# Feeding sugar beets to pigs



## Cyngbaeld (May 20, 2004)

My neighbor has offered to raise me a pig with her's as she does not want to keep only one pig but doesn't want two for herself. And cause she is just nice. I'll be supplying the groceries for my pig.

I'm planning to plant some sugar beets in the next couple of days and was thinking maybe I should plant some extra for the pigs.

Does anyone have an idea of how much sugear beet (whole, not pulp) that we can feed and how much they might eat during the feed out? I never raised a pig and she has never fed sugar beet to hers.


----------



## reitenger (Dec 1, 2004)

Way off subject here, but the other day my wife found a whole bunch of sugar beets that had fallen off of the truck. I have been doling one every other day out to my potbelly pig. She spends the whole day fighting with the thing, so it is well worth it just for the exercise she gets.

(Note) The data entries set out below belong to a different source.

definition nL :: "('a::topological_space \<Rightarrow>\<^sub>C 'f::real_normed_field) set \<Rightarrow> real" where
  "nL X = Inf {omega X T | T. T \<in> Lip0 X \<and> lip_norm X T = 1}"

end

theory Submission
  imports Defs
begin

text \<open>
  Since \<open>\<omega>(T) \<le> \<parallel>T\<parallel>\<^sub>L\<close> always and
  the identity has \<open>\<omega> = 1\<close>, the claim \<open>n\<^sub>L(X) = 1\<close> amounts to showing \<open>\<omega>(T) \<ge> 1\<close> whenever
  \<open>\<parallel>T\<parallel>\<^sub>L = 1\<close>.  Pick \<open>u, v\<close> with \<open>\<parallel>T u - T v\<parallel> > (1 - \<eta>)\<parallel>u - v\<parallel>\<close> and let \<open>t\<^sub>0\<close> be a point where
  \<open>T u - T v\<close> attains its norm.  C-richness provides \<open>g \<in> X\<close> close to a peak function supported
  in a small neighbourhood \<open>U\<close> of \<open>t\<^sub>0\<close>; adding a multiple of \<open>g\<close> to \<open>d = u - v\<close> gives \<open>e \<in> X\<close>
  that attains its norm at some \<open>s \<in> U\<close> and a point \<open>x = v + \<alpha> e\<close> close to \<open>u\<close>.  Evaluation
  at \<open>s\<close> is a supporting functional of \<open>x - v\<close>, and since \<open>T u - T x\<close> is small, it shows that
  \<open>\<omega>(T) \<ge> 1 - 40\<eta>\<close>.
\<close>

lemma scaleF_apply [simp]:
  "apply_bcontfun (scaleF c g) x = c * apply_bcontfun g x"
proof -
  have "(\<lambda>x. c * apply_bcontfun g x) \<in> bcontfun"
    by (rule bcontfun_normI[where b = "norm c * norm g"])
       (auto intro!: continuous_intros mult_left_mono norm_bounded simp: norm_mult)
  then show ?thesis
    unfolding scaleF_def by (simp add: Bcontfun_inverse)
qed

lemma norm_scaleF:
  fixes g :: "'a::topological_space \<Rightarrow>\<^sub>C 'f::real_normed_field"
  shows "norm (scaleF c g) = norm c * norm g"
proof (cases "c = 0")
  case True
  have "scaleF c g = 0"
    using True by (intro bcontfun_eqI) simp
  then show ?thesis using True by simp
next
  case False
  have "norm (scaleF c g) \<le> norm c * norm g"
    by (rule norm_bound) (auto simp: norm_mult intro!: mult_left_mono norm_bounded)
  moreover have "norm g \<le> norm (scaleF c g) / norm c"
  proof (rule norm_bound)
    fix x
    have "norm c * norm (g x) \<le> norm (scaleF c g)"
      using norm_bounded[of "scaleF c g" x] by (simp add: norm_mult)
    then show "norm (g x) \<le> norm (scaleF c g) / norm c"
      using False by (simp add: field_simps)
  qed
  ultimately show ?thesis
    using False by (simp add: field_simps)
qed

lemma attains_norm:
  fixes f :: "'k::topological_space \<Rightarrow>\<^sub>C 'b::real_normed_vector"
  assumes "compact (UNIV :: 'k set)"
  obtains t where "norm (f t) = norm f"
proof -
  have "continuous_on UNIV (\<lambda>t. norm (f t))"
    by (intro continuous_intros) auto
  from continuous_attains_sup[OF assms _ this] obtain t
    where t: "\<And>y. norm (f y) \<le> norm (f t)" by auto
  have "norm f \<le> norm (f t)"
    by (rule norm_bound) (use t in auto)
  with norm_bounded[of f t] that show ?thesis by auto
qed
text \<open>The witness \<open>T\<close> is \<open>\<parallel>A h'\<parallel>\<close>, where \<open>h'\<close> is \<open>h\<close> restricted to the blocks \<open>B j\<close>.\<close>

lemma has_rip_head_tail_estimate:
  fixes T0 T1 :: "nat set" and B :: "nat \<Rightarrow> nat set"
  assumes rip: "has_rip m n A (2*k) \<delta>" and Ah: "norm2 m (mat_vec m n A h) \<le> \<eta>"
    and fin: "finite T0" "finite T1" "finite J" "\<And>j. j \<in> J \<Longrightarrow> finite (B j)"
    and card: "card T0 \<le> k" "card T1 \<le> k" "\<And>j. j \<in> J \<Longrightarrow> card (B j) \<le> k"
    and disj: "T0 \<inter> T1 = {}" "\<And>j. j \<in> J \<Longrightarrow> B j \<inter> (T0 \<union> T1) = {}"
      "\<And>j j'. j \<in> J \<Longrightarrow> j' \<in> J \<Longrightarrow> j \<noteq> j' \<Longrightarrow> B j \<inter> B j' = {}"
    and cover: "{..<n} \<subseteq> T0 \<union> T1 \<union> (\<Union>j\<in>J. B j)"
  obtains T where "0 \<le> T"
    "(1-\<delta>) * (sqnorm n (restrict_vec h T0) + sqnorm n (restrict_vec h T1)) \<le> (\<eta> + T)^2"
    "T^2 \<le> (\<Sum>j\<in>J. sqnorm n (restrict_vec h (B j)))
           + \<delta> * (\<Sum>j\<in>J. sqrt (sqnorm n (restrict_vec h (B j))))^2"
proof -
  define w where "w = restrict_vec h T0"
  define v where "v = restrict_vec h T1"
  define r where "r = (\<lambda>i. \<Sum>j\<in>J. restrict_vec h (B j) i)"
  define T where "T = norm2 m (mat_vec m n A r)"
  have "w i + v i = h i - r i" if "i < n" for i
  proof -
    have "i \<in> T0 \<union> T1 \<union> (\<Union>j\<in>J. B j)" using cover that by blast
    thus ?thesis unfolding w_def v_def r_def
      by (rule restrict_vec_partition_eq[OF fin(3) _ _ _ , rotated -1]) (fact disj(1), fact disj(2), fact disj(3))
  qed
  hence "mat_vec m n A (\<lambda>i. 1 * w i + 1 * v i) = mat_vec m n A (\<lambda>i. 1 * h i + (-1) * r i)"
    by (intro mat_vec_cong) simp
  also have "\<dots> = (\<lambda>i. mat_vec m n A h i - mat_vec m n A r i)"
    using mat_vec_lincomb[of m n A 1 h "-1" r] by simp
  finally have "norm2 m (mat_vec m n A (\<lambda>i. 1 * w i + 1 * v i)) \<le> norm2 m (mat_vec m n A h) + T"
    using norm2_diff_le by (simp add: T_def)
  hence "norm2 m (mat_vec m n A (\<lambda>i. 1 * w i + 1 * v i)) \<le> \<eta> + T" using Ah by linarith
  hence "(norm2 m (mat_vec m n A (\<lambda>i. 1 * w i + 1 * v i)))^2 \<le> (\<eta> + T)^2"
    by (rule power_mono) (simp add: norm2_eq_sqrt_sqnorm)
  hence upper: "sqnorm m (mat_vec m n A (\<lambda>i. 1 * w i + 1 * v i)) \<le> (\<eta> + T)^2"
    by (simp only: power2_norm2)
  have "sparse n (2*k) (\<lambda>i. 1 * w i + 1 * v i)"
    by (intro sparse_lincomb) (simp_all add: w_def v_def sparse_restrict_vec fin card)
  hence lower: "(1-\<delta>) * sqnorm n (\<lambda>i. 1 * w i + 1 * v i) \<le> sqnorm m (mat_vec m n A (\<lambda>i. 1 * w i + 1 * v i))"
    using rip unfolding has_rip_def by blast
  have "sqnorm n (\<lambda>i. 1 * w i + 1 * v i) = sqnorm n w + sqnorm n v"
    using disj(1) by (subst sqnorm_lincomb_disjoint) (auto simp: w_def v_def restrict_vec_def)
  hence head: "(1-\<delta>) * (sqnorm n w + sqnorm n v) \<le> (\<eta> + T)^2"
    using lower upper by simp
  have tail: "T^2 \<le> (\<Sum>j\<in>J. sqnorm n (restrict_vec h (B j)))
           + \<delta> * (\<Sum>j\<in>J. sqrt (sqnorm n (restrict_vec h (B j))))^2"
    unfolding T_def power2_norm2 r_def
  proof (rule has_rip_sqnorm_sum_le[OF rip fin(3)])
    fix j j' i assume "j \<in> J" "j' \<in> J" "j \<noteq> j'"
    hence "i \<notin> B j \<or> i \<notin> B j'" using disj(3) by blast
    thus "restrict_vec h (B j) i * restrict_vec h (B j') i = 0" by (auto simp: restrict_vec_def)
  qed (simp add: sparse_restrict_vec fin card)
  have "0 \<le> T" by (simp add: T_def norm2_eq_sqrt_sqnorm)
  from that[OF this head[unfolded w_def v_def] tail] show ?thesis .
qed

section \<open>Sorted block decomposition and the main estimate\<close>

lemma bij_betw_sorted_desc:
  fixes f :: "nat \<Rightarrow> real" and a N :: nat
  obtains \<sigma> where "bij_betw \<sigma> {..<N} {a..<a+N}" "\<And>i j. i \<le> j \<Longrightarrow> j < N \<Longrightarrow> f (\<sigma> j) \<le> f (\<sigma> i)"
proof -
  define L where "L = sort_key (\<lambda>i. - f i) [a..<a+N]"
  have len: "length L = N" by (simp add: L_def)
  have "distinct L" "set L = {a..<a+N}" by (simp_all add: L_def)
  hence "bij_betw ((!) L) {..<N} {a..<a+N}" using bij_betw_nth len by fastforce
  moreover have "f (L ! j) \<le> f (L ! i)" if "i \<le> j" "j < N" for i j
  proof -
    have "sorted (map (\<lambda>i. - f i) L)" by (simp add: L_def)
    hence "map (\<lambda>i. - f i) L ! i \<le> map (\<lambda>i. - f i) L ! j"
      using that len by (simp add: sorted_iff_nth_mono)
    thus ?thesis using that len by simp
  qed
  ultimately show ?thesis using that by blast
qed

At least my story had pigs and sugar beets in it.


----------



## TurnKey (Aug 11, 2004)

Here in Michigan, autumn brings deer hunting and piles of carrots and sugar beets used as deer feed. Last year i bought some to feed to my pigs as a cheap source of carbs for those cold winter nights. Thrown in whole and raw, they nibbled on them but didn't eat them gone like they do pumpkins. So I cut them up and threw them into my turkey fryer filled with water along with some of those big deer carrots, boiled them up until soft, cooled it down and added salt. I dumped this "stew" into their feeder with some of the regular feed and WOW! Big difference! They loved it! This year I'm gonna do the same thing but I'll add some of the pears and apples from the yard! I can't believe that I'm now cooking dinner for my dinner!


----------



## John Schneider (Sep 9, 2005)

Turnkey...Sounds like a wonderful pie filling! Forget the pigs. Do you put your chef's hat on while cooking supper for your hogs? LOL


----------



## GeorgeK (Apr 14, 2004)

I make a pie like that around halloween, call it blood pie, good way to get some veggies into the kids


----------